Nei tanti, tantissimi confronti verbali che, dalla mattina presto a notte fonda, dominano il panorama televisivo non sempre, anzi quasi mai, è possibile stabilire un vincitore.
Proprio come accade tra certi lottatori, il contendente avvinghia la propria opinione a quella dell’avversario bloccando così il confronto in una sorta di stallo nel quale lo spettatore può vedere, quasi fosse un’illusione ottica, il successo della parte alla quale si sente più affine. In molti casi, poi, lo spettatore stesso non ha la forza né la voglia di stabilire chi abbia prevalso in un epico scontro di meningi tra Santanché e Barbacetto o tra Gasparri e Palombelli: egli, o ella, vivacchia privandosi di tanta determinazione.
Va detto che, almeno fino a ieri, c’era un infallibile indicatore che permetteva di stabilire, più che il vincitore, il sicuro sconfitto. Non appena uno dei contendenti se ne usciva con il classico «ben altri sono i problemi», sapevamo che, pur senza ammetterlo, stava alzando bandiera bianca.
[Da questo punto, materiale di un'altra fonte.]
lemma poly_fun_chain_rule:
  assumes "f \<in> poly_fun N K"
    and "\<And>u. u \<in> coords N K \<Longrightarrow> ((\<lambda>t. coord_val (\<gamma> t) u) has_field_derivative \<gamma>' u) (at t0)"
  shows "((\<lambda>t. f (\<gamma> t)) has_field_derivative (\<Sum>u\<in>coords N K. pdiff f (\<gamma> t0) u * \<gamma>' u)) (at t0)"
  using assms(1)
proof (induction f rule: poly_fun.induct)
  case (pf_B i j) then show ?case using assms(2)[of "CB i j"] by (simp add: pdiff_Bm sum_coords_delta)
next
  case (pf_psi i a) then show ?case using assms(2)[of "CPsi i a"] by (simp add: pdiff_ps sum_coords_delta)
next
  case (pf_psib a i) then show ?case using assms(2)[of "CPsib a i"] by (simp add: pdiff_pb sum_coords_delta)
next
  case (pf_add f g) then show ?case
    by (auto intro!: derivative_eq_intros simp: pdiff_add[where N = N and K = K] sum.distrib ring_distribs)
next
  case (pf_mult f g) then show ?case
    by (auto intro!: derivative_eq_intros
        simp: pdiff_mult[where N = N and K = K] sum.distrib sum_distrib_left sum_distrib_right
            algebra_simps)
qed simp

lemma derivation_expansion:
  assumes "\<And>c. D (\<lambda>x. c) x = 0"
    and "\<And>f g. f \<in> poly_fun N K \<Longrightarrow> g \<in> poly_fun N K \<Longrightarrow> D (\<lambda>x. f x + g x) x = D f x + D g x"
    and "\<And>f g. f \<in> poly_fun N K \<Longrightarrow> g \<in> poly_fun N K \<Longrightarrow> D (\<lambda>x. f x * g x) x = f x * D g x + g x * D f x"
    and "f \<in> poly_fun N K"
  shows "D f x = (\<Sum>u\<in>coords N K. pdiff f x u * D (\<lambda>y. coord_val y u) x)"
  using assms(4)
proof (induction f rule: poly_fun.induct)
  case (pf_add f g) then show ?case
    by (simp add: assms(2) pdiff_add[where N = N and K = K] sum.distrib ring_distribs)
next
  case (pf_mult f g) then show ?case
    by (simp add: assms(3) pdiff_mult[where N = N and K = K] sum.distrib sum_distrib_left algebra_simps)
qed (simp_all add: assms(1) pdiff_Bm pdiff_ps pdiff_pb sum_coords_delta)

section \<open>The bracket\<close>

definition bivec :: "nat \<Rightarrow> nat \<Rightarrow> (coord \<Rightarrow> complex) \<Rightarrow> (coord \<Rightarrow> complex) \<Rightarrow> rep \<Rightarrow> complex" where
  "bivec N K F G x =
      (\<Sum>i<N. \<Sum>a<K. F (CPsi i a) * G (CPsib a i) - F (CPsib a i) * G (CPsi i a))
    + (\<Sum>m<N. \<Sum>n<N. \<Sum>p<N. \<Sum>q<N. F (CB m n) * G (CB p q) * Bbr K x m n p q)"

lemma pbr_eq_bivec: "pbr N K f g x = bivec N K (pdiff f x) (pdiff g x) x"
  by (simp add: pbr_def bivec_def dB_eq_pdiff dps_eq_pdiff dpb_eq_pdiff)

lemma bivec_linear_left:
  "bivec N K (\<lambda>u. a * F1 u + b * F2 u) G x = a * bivec N K F1 G x + b * bivec N K F2 G x"
proof -
  have psi: "(a * F1 (CPsi i c) + b * F2 (CPsi i c)) * G (CPsib c i) -
      (a * F1 (CPsib c i) + b * F2 (CPsib c i)) * G (CPsi i c)
     = a * (F1 (CPsi i c) * G (CPsib c i) - F1 (CPsib c i) * G (CPsi i c))
     + b * (F2 (CPsi i c) * G (CPsib c i) - F2 (CPsib c i) * G (CPsi i c))" for i c
    by algebra
  have B: "(a * F1 (CB m n) + b * F2 (CB m n)) * G (CB p q) * Bbr K x m n p q
     = a * (F1 (CB m n) * G (CB p q) * Bbr K x m n p q) + b * (F2 (CB m n) * G (CB p q) * Bbr K x m n p q)"
    for m n p q
    by algebra
  show ?thesis unfolding bivec_def psi B sum.distrib sum_distrib_left[symmetric] by algebra
qed

lemma Bbr_swap: "Bbr K x p q m n = - Bbr K x m n p q"
  by (simp add: Bbr_def)

lemma bivec_skew: "bivec N K F G x = - bivec N K G F x"
proof -
  have psi: "(\<Sum>i<N. \<Sum>a<K. F (CPsi i a) * G (CPsib a i) - F (CPsib a i) * G (CPsi i a))
     = - (\<Sum>i<N. \<Sum>a<K. G (CPsi i a) * F (CPsib a i) - G (CPsib a i) * F (CPsi i a))"
    by (simp add: sum_negf[symmetric] algebra_simps)
  have "(\<Sum>m<N. \<Sum>n<N. \<Sum>p<N. \<Sum>q<N. G (CB m n) * F (CB p q) * Bbr K x m n p q)
      = (\<Sum>p<N. \<Sum>q<N. \<Sum>m<N. \<Sum>n<N. G (CB m n) * F (CB p q) * Bbr K x m n p q)"
    by (rule sum_swap_pairs)
  also have "\<dots> = - (\<Sum>p<N. \<Sum>q<N. \<Sum>m<N. \<Sum>n<N. F (CB p q) * G (CB m n) * Bbr K x p q m n)"
    by (simp only: sum_negf[symmetric], intro sum.cong refl, simp add: Bbr_def algebra_simps)
  finally have B: "(\<Sum>m<N. \<Sum>n<N. \<Sum>p<N. \<Sum>q<N. F (CB m n) * G (CB p q) * Bbr K x m n p q)
     = - (\<Sum>m<N. \<Sum>n<N. \<Sum>p<N. \<Sum>q<N. G (CB m n) * F (CB p q) * Bbr K x m n p q)"
    by simp
  show ?thesis unfolding bivec_def psi B by simp
qed

lemma pbr_skew: "pbr N K f g x = - pbr N K g f x"
  by (simp add: pbr_eq_bivec bivec_skew[of N K "pdiff f x"])

lemma poly_fun_Bbr:
  assumes "m < N" "n < N" "p < N" "q < N"
  shows "(\<lambda>x. Bbr K x m n p q) \<in> poly_fun N K"
proof -
  have pairing: "(\<lambda>x. \<Sum>a<K. pb x a j * ps x i a) \<in> poly_fun N K" if "i < N" "j < N" for i j
    using that by (auto intro!: poly_fun_sum poly_fun.intros)
  show ?thesis
    unfolding Bbr_def
    by (rule poly_fun_diff; cases "n = p"; cases "m = q")
        (use assms pairing in \<open>auto intro: poly_fun.pf_const\<close>)
qed

lemma poly_fun_pbr: "f \<in> poly_fun N K \<Longrightarrow> g \<in> poly_fun N K \<Longrightarrow> pbr N K f g \<in> poly_fun N K"
  unfolding pbr_def dB_eq_pdiff dps_eq_pdiff dpb_eq_pdiff
  by (intro poly_fun.pf_add poly_fun_sum poly_fun_diff poly_fun.pf_mult poly_fun_pdiff poly_fun_Bbr) auto

lemma pbr_const_left [simp]: "pbr N K (\<lambda>x. c) h x = 0"
  by (simp add: pbr_eq_bivec bivec_def)

lemma pbr_const_right [simp]: "pbr N K h (\<lambda>x. c) x = 0"
  by (subst pbr_skew) simp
Il «ben altri» si presentava in varie forme: «Mentre problemi urgentissimi affliggono il Paese, noi perdiamo tempo a discutere di...»; oppure «Parlano di questo per distrarre la gente e far dimenticare quali sono le questioni importanti». Qualunque variante del «ben altri» venisse adottata, il messaggio autentico traspariva in controluce: «Non ho più argomenti, parliamo d’altro».
Negli ultimi tempi però l’uso del «ben altro» è diventato talmente frequente, scoperto, arrogante per non dire sfacciatamente stupido, da far pensare che, tutti, contendenti e spettatori, personaggi televisivi e teleutenti, abbiano assorbito e digerito questo puerile espediente al punto da considerarlo, a tutti gli effetti, un argomento sensato.
Pare necessario, dunque, un appello alla lucidità collettiva: non appena sentite «ben altro» indietreggiate, quando qualcuno, nel mezzo di una discussione punta il dito altrove, smascherate la sua sconfitta. Sarà una piccola ma impagabile soddisfazione. Anche se, me ne rendo conto, ben altri sono i problemi.